◆ **EXERCISE DESCRIPTION**
Each line in the records below that has the word "every" should be copied.

_ _ _

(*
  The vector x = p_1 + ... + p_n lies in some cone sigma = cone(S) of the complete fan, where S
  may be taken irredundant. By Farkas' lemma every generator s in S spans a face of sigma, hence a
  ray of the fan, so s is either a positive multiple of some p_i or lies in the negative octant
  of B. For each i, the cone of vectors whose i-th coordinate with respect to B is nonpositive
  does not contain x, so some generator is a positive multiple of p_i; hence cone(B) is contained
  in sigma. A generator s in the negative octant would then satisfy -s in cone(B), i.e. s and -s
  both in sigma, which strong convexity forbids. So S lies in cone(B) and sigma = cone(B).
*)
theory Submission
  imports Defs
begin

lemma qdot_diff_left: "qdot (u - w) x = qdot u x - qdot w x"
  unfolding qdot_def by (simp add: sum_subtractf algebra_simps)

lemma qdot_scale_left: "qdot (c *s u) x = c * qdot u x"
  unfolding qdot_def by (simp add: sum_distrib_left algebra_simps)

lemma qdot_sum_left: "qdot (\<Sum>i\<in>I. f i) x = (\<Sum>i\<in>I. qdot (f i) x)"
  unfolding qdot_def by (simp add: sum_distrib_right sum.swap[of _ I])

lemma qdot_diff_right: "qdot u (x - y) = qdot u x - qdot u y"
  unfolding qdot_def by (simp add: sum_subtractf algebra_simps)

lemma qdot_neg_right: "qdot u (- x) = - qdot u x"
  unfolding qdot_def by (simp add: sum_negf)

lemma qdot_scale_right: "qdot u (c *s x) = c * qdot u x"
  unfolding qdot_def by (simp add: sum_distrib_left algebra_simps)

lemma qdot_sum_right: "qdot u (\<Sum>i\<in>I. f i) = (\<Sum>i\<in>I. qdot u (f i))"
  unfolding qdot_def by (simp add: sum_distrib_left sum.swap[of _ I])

_ _ _

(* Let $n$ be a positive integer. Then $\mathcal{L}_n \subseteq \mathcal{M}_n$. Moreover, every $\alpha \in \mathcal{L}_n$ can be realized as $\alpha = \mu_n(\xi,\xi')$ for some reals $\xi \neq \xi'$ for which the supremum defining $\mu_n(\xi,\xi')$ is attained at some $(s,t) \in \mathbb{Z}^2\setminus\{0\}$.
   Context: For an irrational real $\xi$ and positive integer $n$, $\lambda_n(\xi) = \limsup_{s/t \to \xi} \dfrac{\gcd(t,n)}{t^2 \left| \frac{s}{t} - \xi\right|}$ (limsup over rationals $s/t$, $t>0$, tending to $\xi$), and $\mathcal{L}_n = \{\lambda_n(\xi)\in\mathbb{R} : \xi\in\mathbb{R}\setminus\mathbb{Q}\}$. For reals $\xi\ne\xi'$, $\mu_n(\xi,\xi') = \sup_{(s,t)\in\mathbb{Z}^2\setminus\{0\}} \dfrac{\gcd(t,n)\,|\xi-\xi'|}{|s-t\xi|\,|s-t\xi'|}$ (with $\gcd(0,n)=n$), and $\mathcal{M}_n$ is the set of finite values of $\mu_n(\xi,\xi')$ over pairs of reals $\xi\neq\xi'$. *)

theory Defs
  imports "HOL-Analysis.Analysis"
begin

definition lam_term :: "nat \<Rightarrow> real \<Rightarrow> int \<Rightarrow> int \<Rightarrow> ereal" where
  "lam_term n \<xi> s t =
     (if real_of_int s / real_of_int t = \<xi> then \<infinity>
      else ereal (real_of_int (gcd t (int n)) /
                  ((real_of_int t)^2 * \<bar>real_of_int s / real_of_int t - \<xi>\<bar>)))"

_ _ _

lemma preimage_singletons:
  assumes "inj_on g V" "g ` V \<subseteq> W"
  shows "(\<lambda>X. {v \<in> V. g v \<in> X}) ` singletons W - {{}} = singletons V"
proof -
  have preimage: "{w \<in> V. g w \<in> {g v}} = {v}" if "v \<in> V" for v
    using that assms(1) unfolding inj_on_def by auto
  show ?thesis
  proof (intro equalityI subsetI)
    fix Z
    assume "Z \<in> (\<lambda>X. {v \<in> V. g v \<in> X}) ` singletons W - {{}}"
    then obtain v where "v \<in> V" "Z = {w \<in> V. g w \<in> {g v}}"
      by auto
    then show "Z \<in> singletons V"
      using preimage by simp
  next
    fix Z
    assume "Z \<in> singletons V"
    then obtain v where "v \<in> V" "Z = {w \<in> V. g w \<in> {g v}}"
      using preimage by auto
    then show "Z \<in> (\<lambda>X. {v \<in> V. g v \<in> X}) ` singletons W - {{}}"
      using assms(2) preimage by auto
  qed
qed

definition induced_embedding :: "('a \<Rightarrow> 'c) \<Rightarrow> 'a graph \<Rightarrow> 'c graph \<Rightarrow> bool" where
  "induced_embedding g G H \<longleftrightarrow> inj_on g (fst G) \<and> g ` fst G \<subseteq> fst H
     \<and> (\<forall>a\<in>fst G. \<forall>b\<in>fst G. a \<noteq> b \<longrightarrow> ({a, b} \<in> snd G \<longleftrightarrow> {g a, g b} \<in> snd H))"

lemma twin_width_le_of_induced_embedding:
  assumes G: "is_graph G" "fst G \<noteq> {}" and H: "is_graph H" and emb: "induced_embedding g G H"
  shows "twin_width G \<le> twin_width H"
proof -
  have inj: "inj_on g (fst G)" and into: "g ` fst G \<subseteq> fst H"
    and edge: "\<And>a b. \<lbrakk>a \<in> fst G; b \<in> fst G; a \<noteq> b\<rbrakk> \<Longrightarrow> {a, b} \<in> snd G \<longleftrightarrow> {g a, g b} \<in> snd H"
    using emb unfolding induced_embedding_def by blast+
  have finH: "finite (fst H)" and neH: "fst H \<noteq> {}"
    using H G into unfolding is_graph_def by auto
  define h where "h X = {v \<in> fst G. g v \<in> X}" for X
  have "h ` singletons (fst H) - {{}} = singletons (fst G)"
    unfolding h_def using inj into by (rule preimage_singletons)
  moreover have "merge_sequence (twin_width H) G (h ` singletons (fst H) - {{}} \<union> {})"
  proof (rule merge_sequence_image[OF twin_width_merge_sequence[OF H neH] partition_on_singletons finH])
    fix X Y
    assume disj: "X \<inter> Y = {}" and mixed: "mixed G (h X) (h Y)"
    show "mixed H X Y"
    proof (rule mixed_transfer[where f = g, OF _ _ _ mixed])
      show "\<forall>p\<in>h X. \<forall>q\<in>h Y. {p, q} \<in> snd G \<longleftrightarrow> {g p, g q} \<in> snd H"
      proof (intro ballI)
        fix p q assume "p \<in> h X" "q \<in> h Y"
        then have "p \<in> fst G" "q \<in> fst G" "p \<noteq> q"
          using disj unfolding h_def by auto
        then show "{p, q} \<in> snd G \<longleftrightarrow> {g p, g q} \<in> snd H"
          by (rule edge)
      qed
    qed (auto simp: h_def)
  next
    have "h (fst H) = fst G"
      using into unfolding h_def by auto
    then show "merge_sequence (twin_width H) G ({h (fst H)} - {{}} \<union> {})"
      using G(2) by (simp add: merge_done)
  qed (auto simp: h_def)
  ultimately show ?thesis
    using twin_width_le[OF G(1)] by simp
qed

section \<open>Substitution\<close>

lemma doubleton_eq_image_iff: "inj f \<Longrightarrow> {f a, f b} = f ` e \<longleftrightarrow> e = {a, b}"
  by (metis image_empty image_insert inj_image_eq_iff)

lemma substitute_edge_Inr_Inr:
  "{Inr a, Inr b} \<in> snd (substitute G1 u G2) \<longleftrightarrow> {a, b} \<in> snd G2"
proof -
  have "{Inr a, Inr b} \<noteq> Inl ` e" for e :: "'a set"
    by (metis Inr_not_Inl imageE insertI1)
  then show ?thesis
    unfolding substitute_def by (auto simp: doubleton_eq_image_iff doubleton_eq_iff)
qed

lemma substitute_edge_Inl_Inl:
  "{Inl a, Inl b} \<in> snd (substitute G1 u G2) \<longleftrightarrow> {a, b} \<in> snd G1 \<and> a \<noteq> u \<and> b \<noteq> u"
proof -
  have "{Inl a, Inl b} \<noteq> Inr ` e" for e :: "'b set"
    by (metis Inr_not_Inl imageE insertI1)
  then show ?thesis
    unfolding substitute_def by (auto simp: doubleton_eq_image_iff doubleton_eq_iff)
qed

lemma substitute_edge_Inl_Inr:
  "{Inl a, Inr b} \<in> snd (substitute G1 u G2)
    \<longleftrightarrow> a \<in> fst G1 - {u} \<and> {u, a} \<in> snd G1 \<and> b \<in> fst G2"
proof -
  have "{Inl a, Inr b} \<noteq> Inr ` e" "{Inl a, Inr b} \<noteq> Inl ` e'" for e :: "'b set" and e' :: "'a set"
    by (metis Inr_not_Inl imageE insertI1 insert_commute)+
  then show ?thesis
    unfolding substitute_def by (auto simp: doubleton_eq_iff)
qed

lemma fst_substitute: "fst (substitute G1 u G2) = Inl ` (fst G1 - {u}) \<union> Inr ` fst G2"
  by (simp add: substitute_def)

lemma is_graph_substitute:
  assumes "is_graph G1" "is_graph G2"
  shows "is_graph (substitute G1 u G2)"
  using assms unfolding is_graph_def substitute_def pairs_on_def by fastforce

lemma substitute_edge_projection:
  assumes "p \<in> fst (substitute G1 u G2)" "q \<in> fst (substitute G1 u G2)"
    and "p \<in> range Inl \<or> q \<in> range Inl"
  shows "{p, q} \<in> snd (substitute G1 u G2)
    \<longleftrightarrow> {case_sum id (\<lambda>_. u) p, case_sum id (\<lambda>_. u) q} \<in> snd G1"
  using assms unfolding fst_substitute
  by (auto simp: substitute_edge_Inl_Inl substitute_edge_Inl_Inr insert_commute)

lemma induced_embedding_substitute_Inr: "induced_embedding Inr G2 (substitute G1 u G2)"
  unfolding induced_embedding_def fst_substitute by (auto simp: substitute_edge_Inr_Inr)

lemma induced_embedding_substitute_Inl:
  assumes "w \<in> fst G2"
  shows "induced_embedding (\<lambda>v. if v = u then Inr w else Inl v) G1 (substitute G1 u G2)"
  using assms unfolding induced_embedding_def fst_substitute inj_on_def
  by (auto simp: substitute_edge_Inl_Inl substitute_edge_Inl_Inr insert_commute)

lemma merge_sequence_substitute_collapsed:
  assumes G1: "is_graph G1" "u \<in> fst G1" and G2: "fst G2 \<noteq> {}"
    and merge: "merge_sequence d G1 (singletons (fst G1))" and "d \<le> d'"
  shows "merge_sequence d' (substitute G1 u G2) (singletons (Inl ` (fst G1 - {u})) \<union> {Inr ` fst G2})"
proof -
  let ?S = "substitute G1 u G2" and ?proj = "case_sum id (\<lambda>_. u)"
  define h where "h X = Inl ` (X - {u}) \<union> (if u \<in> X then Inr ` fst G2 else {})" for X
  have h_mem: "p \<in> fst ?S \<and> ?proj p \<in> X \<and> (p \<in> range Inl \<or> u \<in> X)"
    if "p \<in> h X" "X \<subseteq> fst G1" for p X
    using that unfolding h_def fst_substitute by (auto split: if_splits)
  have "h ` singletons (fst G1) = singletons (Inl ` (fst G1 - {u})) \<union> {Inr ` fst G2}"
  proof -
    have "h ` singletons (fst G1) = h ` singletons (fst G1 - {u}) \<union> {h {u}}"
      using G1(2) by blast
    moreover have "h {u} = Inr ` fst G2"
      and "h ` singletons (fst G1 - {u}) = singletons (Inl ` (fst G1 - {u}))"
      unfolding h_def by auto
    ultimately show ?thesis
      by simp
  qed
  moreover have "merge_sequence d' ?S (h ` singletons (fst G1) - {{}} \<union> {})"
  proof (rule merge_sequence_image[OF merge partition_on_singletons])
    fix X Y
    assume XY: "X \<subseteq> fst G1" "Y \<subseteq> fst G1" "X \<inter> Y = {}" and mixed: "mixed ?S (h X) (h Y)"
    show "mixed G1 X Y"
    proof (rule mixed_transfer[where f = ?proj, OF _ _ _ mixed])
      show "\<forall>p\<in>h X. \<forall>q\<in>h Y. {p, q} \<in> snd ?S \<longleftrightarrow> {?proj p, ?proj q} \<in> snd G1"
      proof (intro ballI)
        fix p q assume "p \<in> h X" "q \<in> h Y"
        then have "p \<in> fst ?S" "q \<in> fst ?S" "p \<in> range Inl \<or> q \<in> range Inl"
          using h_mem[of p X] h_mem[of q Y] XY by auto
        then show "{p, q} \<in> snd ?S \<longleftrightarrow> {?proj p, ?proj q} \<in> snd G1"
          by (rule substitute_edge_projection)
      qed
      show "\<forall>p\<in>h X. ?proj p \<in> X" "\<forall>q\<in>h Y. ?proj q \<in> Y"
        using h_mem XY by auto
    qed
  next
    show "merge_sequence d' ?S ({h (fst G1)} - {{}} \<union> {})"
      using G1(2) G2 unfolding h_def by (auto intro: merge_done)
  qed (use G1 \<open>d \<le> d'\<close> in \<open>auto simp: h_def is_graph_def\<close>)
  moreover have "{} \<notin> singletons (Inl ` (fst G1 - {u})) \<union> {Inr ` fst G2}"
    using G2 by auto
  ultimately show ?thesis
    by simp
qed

_ _ _

◆ **ANSWER TO THE EXERCISE**
  may be taken irredundant. By Farkas' lemma every generator s in S spans a face of sigma, hence a
(* Let $n$ be a positive integer. Then $\mathcal{L}_n \subseteq \mathcal{M}_n$. Moreover, every $\alpha \in \mathcal{L}_n$ can be realized as $\alpha = \mu_n(\xi,\xi')$ for some reals $\xi \neq \xi'$ for which the supremum defining $\mu_n(\xi,\xi')$ is attained at some $(s,t) \in \mathbb{Z}^2\setminus\{0\}$.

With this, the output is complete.